Skip to main content

Database Design

I. Relational Database Design

Resources

Database design is the process of organizing and structuring data in a logical manner to efficiently store, manage, and retrieve information in a database system. It involves defining the database structure, relationships between data elements, and constraints to ensure data integrity and consistency.
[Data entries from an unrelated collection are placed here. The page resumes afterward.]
(* Let $n\ge2$ and let $\gamma:I\to\mathbb{R}^2$ be a $C^\infty$ curve with $0\in I$. Then $\gamma'(0)=\cdots=\gamma^{(n-1)}(0)=\mathbf{0}$ and $\det(\gamma^{(n)}(0),\gamma^{(n+1)}(0))\neq0$ if and only if there is a real number $T$ such that $\gamma$ is $\mathcal{A}$-equivalent at $s=0$ to $\tilde\gamma(s)=(s^n,\ s^{n+1}+Ts^{n+3})+h(s)$, where $h$ is an $\mathbb{R}^2$-valued $C^\infty$ function with $h(0)=h'(0)=\cdots=h^{(n+3)}(0)=\mathbf{0}$.
   Context: $\mathcal{A}$-equivalence of curve germs: existence of $C^\infty$ diffeomorphism germs $\psi$ of $(\mathbb{R},0)$ and $\Psi$ of $\mathbb{R}^2$ with $\Psi\circ\gamma_1\circ\psi^{-1}=\gamma_2$. *)

theory Defs
  imports "HOL-Analysis.Analysis"
begin

fun Ck_on :: "nat \<Rightarrow> 'a::real_normed_vector set \<Rightarrow> ('a \<Rightarrow> 'b::real_normed_vector) \<Rightarrow> bool" where
  "Ck_on 0 S f = continuous_on S f"
| "Ck_on (Suc k) S f =
     ((\<forall>x\<in>S. f differentiable (at x)) \<and>
      (\<forall>v. Ck_on k S (\<lambda>x. frechet_derivative f (at x) v)))"

definition smooth_on :: "'a::real_normed_vector set \<Rightarrow> ('a \<Rightarrow> 'b::real_normed_vector) \<Rightarrow> bool" where
  "smooth_on S f \<longleftrightarrow> (\<forall>k. Ck_on k S f)"

fun nth_deriv :: "nat \<Rightarrow> (real \<Rightarrow> 'b::real_normed_vector) \<Rightarrow> real \<Rightarrow> 'b" where
  "nth_deriv 0 f = f"
| "nth_deriv (Suc k) f = (\<lambda>t. vector_derivative (nth_deriv k f) (at t))"

definition det2 :: "real \<times> real \<Rightarrow> real \<times> real \<Rightarrow> real" where
  "det2 u v = fst u * snd v - snd u * fst v"

definition local_diffeo_at ::
  "'a::real_normed_vector \<Rightarrow> ('a \<Rightarrow> 'a) \<Rightarrow> ('a \<Rightarrow> 'a) \<Rightarrow> bool" where
  "local_diffeo_at p Phi Phii \<longleftrightarrow>
     (\<exists>U V. open U \<and> p \<in> U \<and> open V \<and> Phi ` U = V \<and> Phii ` V = U \<and>
        smooth_on U Phi \<and> smooth_on V Phii \<and>
        (\<forall>x\<in>U. Phii (Phi x) = x) \<and> (\<forall>y\<in>V. Phi (Phii y) = y))"
(* The single-machine scheduling problem $1|\text{two chains}|\sum w_jC_j$ can be solved in $O(n)$ time, where $n$ is the number of jobs.
   Context: The problem $1|\text{two chains}|\sum w_jC_j$ is defined as follows. There are $n$ jobs, and job $j$ has processing time $p_j>0$ and weight $w_j\ge 0$. The jobs are partitioned into two chains (linear orders), and within each chain the jobs must be processed in the chain order. A single machine processes one job at a time, without preemption, starting at time $0$. $C_j$ denotes the completion time of job $j$. The goal is to find a feasible sequence of jobs minimizing $\sum_j w_jC_j$. *)

theory Defs
  imports Main "HOL.Real"
begin

text \<open>An instance is given by two chains, each a list of jobs (p_j, w_j) in chain order.
  Jobs are identified as Inl i (i-th job of chain 1) and Inr j (j-th job of chain 2).\<close>

type_synonym job_data = "real \<times> real"   (* (processing time, weight) *)

definition valid_instance :: "job_data list \<Rightarrow> job_data list \<Rightarrow> bool" where
  "valid_instance c1 c2 \<longleftrightarrow> (\<forall>(p, w) \<in> set (c1 @ c2). p > 0 \<and> w \<ge> 0)"

fun ptime :: "job_data list \<Rightarrow> job_data list \<Rightarrow> nat + nat \<Rightarrow> real" where
  "ptime c1 c2 (Inl i) = fst (c1 ! i)"
| "ptime c1 c2 (Inr j) = fst (c2 ! j)"

fun weight :: "job_data list \<Rightarrow> job_data list \<Rightarrow> nat + nat \<Rightarrow> real" where
  "weight c1 c2 (Inl i) = snd (c1 ! i)"
| "weight c1 c2 (Inr j) = snd (c2 ! j)"
lemma mult_eq_if_fst_restr_d_pair_eq:
  assumes "g \<in> E" "fst (restr_CdE (d s, s) (g, g)) = d s"
  shows "s * g = s"
proof -
  obtain h u where r: "restr_CdE (d s, s) (g, g) = (h, u)"
    by fastforce
  note props = restr_CdE_diag_eq[OF d_pair_mem_CdE[OF ed] \<open>g \<in> E\<close> r]
  have "h = d s"
    using assms(2) r by simp
  then show ?thesis
    using props ed by (simp add: E_demigroup_def demigroup_d_mult_self)
qed

lemma mult_fst_restr_CdE_eq:
  assumes y: "(f, t) \<in> CdE d E" and g: "g \<in> E"
    and sf: "s * f = s" and stg: "s * t * g = s * t"
  shows "s * fst (restr_CdE (f, t) (g, g)) = s"
proof -
  have dm: "demigroup d"
    using ed by (simp add: E_demigroup_def)
  have "d (s * t) = d (s * f)"
    using y by (intro demigroup_d_mult_cong[OF dm]) (simp add: mem_CdE_iff)
  then have "(d s, s * t) \<in> CdE d E"
    using ed sf by (simp add: mem_CdE_iff E_demigroup_def demigroup_d_d demigroup_d_mult_self
        mult.assoc[symmetric])
  then have "restr_CdE (d s, s * t) (g, g) = (d s, s * t)"
    using restr_eq_self[OF ic _ diag_mem_C_D_image[OF ed g]] stg
    by (simp add: C_comp_def)
  moreover have "C_comp (d s, s) (f, t) = Some (d s, s * t)"
    using sf by (rule C_comp_eq_Some)
  ultimately have "fst (restr_CdE (d s, s) (C_D (restr_CdE (f, t) (g, g)))) = d s"
    using inductive_constellation_restr_comp[OF ic d_pair_mem_CdE[OF ed, of s] y
        diag_mem_C_D_image[OF ed g]]
    by (simp add: C_D_eq_diag_fst)
  moreover have "fst (restr_CdE (f, t) (g, g)) \<in> E"
    using restr_CdE_diag_eq(1)[OF y g] by (metis prod.collapse)
  ultimately show ?thesis
    using mult_eq_if_fst_restr_d_pair_eq by (simp add: C_D_eq_diag_fst)
qed

lemma right_pre_reduced_if_inductive: "right_pre_reduced E"
  unfolding right_pre_reduced_def
proof (intro ballI impI)
  fix e f assume e: "e \<in> E" and f: "f \<in> E" and ef: "e = e * f \<and> f = f * e"
  have "normal_constellation (CdE d E) C_comp C_D"
    using ic by (simp add: inductive_constellation_def)
  then have "(e, e) = (f, f)"
    using normal_constellation_nat_le_antisym diag_mem_CdE[OF ed e] diag_mem_CdE[OF ed f] ef
    by (metis nat_le_C_comp_iff)
  then show "e = f"
    by simp
qed

lemma cond_I1_if_inductive: "cond_I1 d E (\<lambda>t e. fst (restr_CdE (d t, t) (e, e)))"
  unfolding cond_I1_def
proof (intro allI impI conjI)
  fix t e assume e: "e \<in> E"
  obtain f u where r: "restr_CdE (d t, t) (e, e) = (f, u)"
    by fastforce
  note props = restr_CdE_diag_eq[OF d_pair_mem_CdE[OF ed] e r]
  show "fst (restr_CdE (d t, t) (e, e)) \<in> E"
    using props r by simp
  fix s
  show "(s * t * e = s * t \<and> s * d t = s) \<longleftrightarrow> s * fst (restr_CdE (d t, t) (e, e)) = s"
  proof
    assume "s * t * e = s * t \<and> s * d t = s"
    then show "s * fst (restr_CdE (d t, t) (e, e)) = s"
      using mult_fst_restr_CdE_eq[OF d_pair_mem_CdE[OF ed] e] by blast
  next
    assume "s * fst (restr_CdE (d t, t) (e, e)) = s"
    then have sf: "s * f = s"
      using r by simp
    then have "s * d t = s"
      using props(2) by (metis mult.assoc)
    moreover have "s * t * e = s * t"
      using sf props(3,4) by (metis mult.assoc)
    ultimately show "s * t * e = s * t \<and> s * d t = s"
      by blast
  qed
qed

lemma is_meet_r_fst_restr_CdE:
  assumes e: "e \<in> E" and f: "f \<in> E"
  shows "is_meet_r E e f (fst (restr_CdE (e, e) (f, f)))"
proof -
  obtain g u where r: "restr_CdE (e, e) (f, f) = (g, u)"
    by fastforce
  note props = restr_CdE_diag_eq[OF diag_mem_CdE[OF ed e] f r]
  have "is_meet_r E e f g"
    unfolding is_meet_r_def leq_r_def
  proof (intro conjI ballI impI)
    show "g \<in> E" "g = g * e" "g = g * f"
      using props by simp_all
    fix h assume h: "h \<in> E" and hh: "h = h * e \<and> h = h * f"
    then have "nat_le (CdE d E) C_comp C_D (h, h) (e, e)" "C_comp (h, h) (f, f) \<noteq> None"
      by (simp_all add: nat_le_C_comp_iff C_comp_def)
    then have "nat_le (CdE d E) C_comp C_D (h, h) (g, u)"
      using is_restr_CdE_diag[OF diag_mem_CdE[OF ed e] f] diag_mem_CdE[OF ed h]
      unfolding r is_restr_def by blast
    then show "h = h * g"
      by (simp add: nat_le_C_comp_iff)
  qed
  then show ?thesis
    using r by simp
qed

lemma is_meet_r_unique:
  "is_meet_r E e f m \<Longrightarrow> is_meet_r E e f m' \<Longrightarrow> m = m'"
  using right_pre_reduced_if_inductive
  unfolding is_meet_r_def right_pre_reduced_def leq_r_def by blast

lemma cond_I2_if_inductive: "cond_I2 E"
  unfolding cond_I2_def meet_semilattice_r_def
proof (intro conjI ballI impI allI)
  fix e assume "e \<in> E"
  then show "leq_r e e"
    using ed by (auto simp: E_demigroup_def idem_def leq_r_def)
next
  fix e f g assume "e \<in> E" "f \<in> E" "g \<in> E" "leq_r e f \<and> leq_r f g"
  then show "leq_r e g"
    using leq_r_trans by blast
next
  fix e f assume "e \<in> E" "f \<in> E" "leq_r e f \<and> leq_r f e"
  then show "e = f"
    using right_pre_reduced_if_inductive unfolding right_pre_reduced_def leq_r_def by blast
next
  fix e f assume "e \<in> E" "f \<in> E"
  then show "\<exists>m. is_meet_r E e f m"
    using is_meet_r_fst_restr_CdE by blast
next
  fix s e f m assume h: "e \<in> E \<and> f \<in> E \<and> is_meet_r E e f m \<and> s * e = s \<and> s * f = s"
  then have "m = fst (restr_CdE (e, e) (f, f))"
    using is_meet_r_unique is_meet_r_fst_restr_CdE by blast
  moreover have "s * fst (restr_CdE (e, e) (f, f)) = s"
    using h by (simp add: mult_fst_restr_CdE_eq diag_mem_CdE[OF ed])
  ultimately show "s * m = s"
    by simp
qed

end

theorem proposition3p5:
  fixes d :: "'a::semigroup_mult \<Rightarrow> 'a" and E :: "'a set"
  assumes "E_demigroup d E"
    and "inductive_constellation (CdE d E) C_comp C_D"
  shows "right_pre_reduced E \<and> (\<exists>dot. cond_I1 d E dot) \<and> cond_I2 E"
  using right_pre_reduced_if_inductive[OF assms] cond_I1_if_inductive[OF assms]
    cond_I2_if_inductive[OF assms] by (intro conjI exI)

end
Database design is important for several reasons:

  1. Efficiency: A well-designed database optimizes data storage and retrieval, improving system performance.
  2. Data integrity: Proper design helps maintain accurate and consistent data across the database.
  3. Scalability: Good design allows the database to grow and adapt to changing requirements over time.
  4. Reduced redundancy: It minimizes data duplication, saving storage space and reducing inconsistencies.
  5. Improved data security: Proper design facilitates the implementation of access controls and security measures.

1. Schema Design

A database schema is a formal description of the structure, organization, and relationships of data within a database. It serves as a blueprint for how data is stored and accessed. The schema defines:

  1. Tables and their attributes (columns)
  2. Relationships between tables
  3. Constraints and rules for data integrity
  4. Data types for each attribute
  5. Indexes and other performance optimization structures

There are three levels to schema design. These three levels form a progression from abstract to concrete, with each level adding more detail and specificity.

a. Conceptual

  • This is the highest level of abstraction.
  • It provides a big-picture view of what the database will contain.
  • It focuses on identifying main entities, their attributes, and relationships.
  • Usually represented using an Entity-Relationship Diagram (ERD).
  • Does not include technical details.

b. Logical

  • This is a more detailed representation of the database structure.
  • It translates the conceptual model into a specific data model (e.g., relational, object-oriented).
  • Defines tables, columns, relationships, and constraints.
  • Still independent of any specific database management system (DBMS).
Look up Tables

A lookup table is a data structure used to map, reference, or convert data efficiently. In database design and computer science, lookup tables serve various purposes:

  • speeding up data retrieval
  • standardizing information
  • simplifying data relationships
  • etc.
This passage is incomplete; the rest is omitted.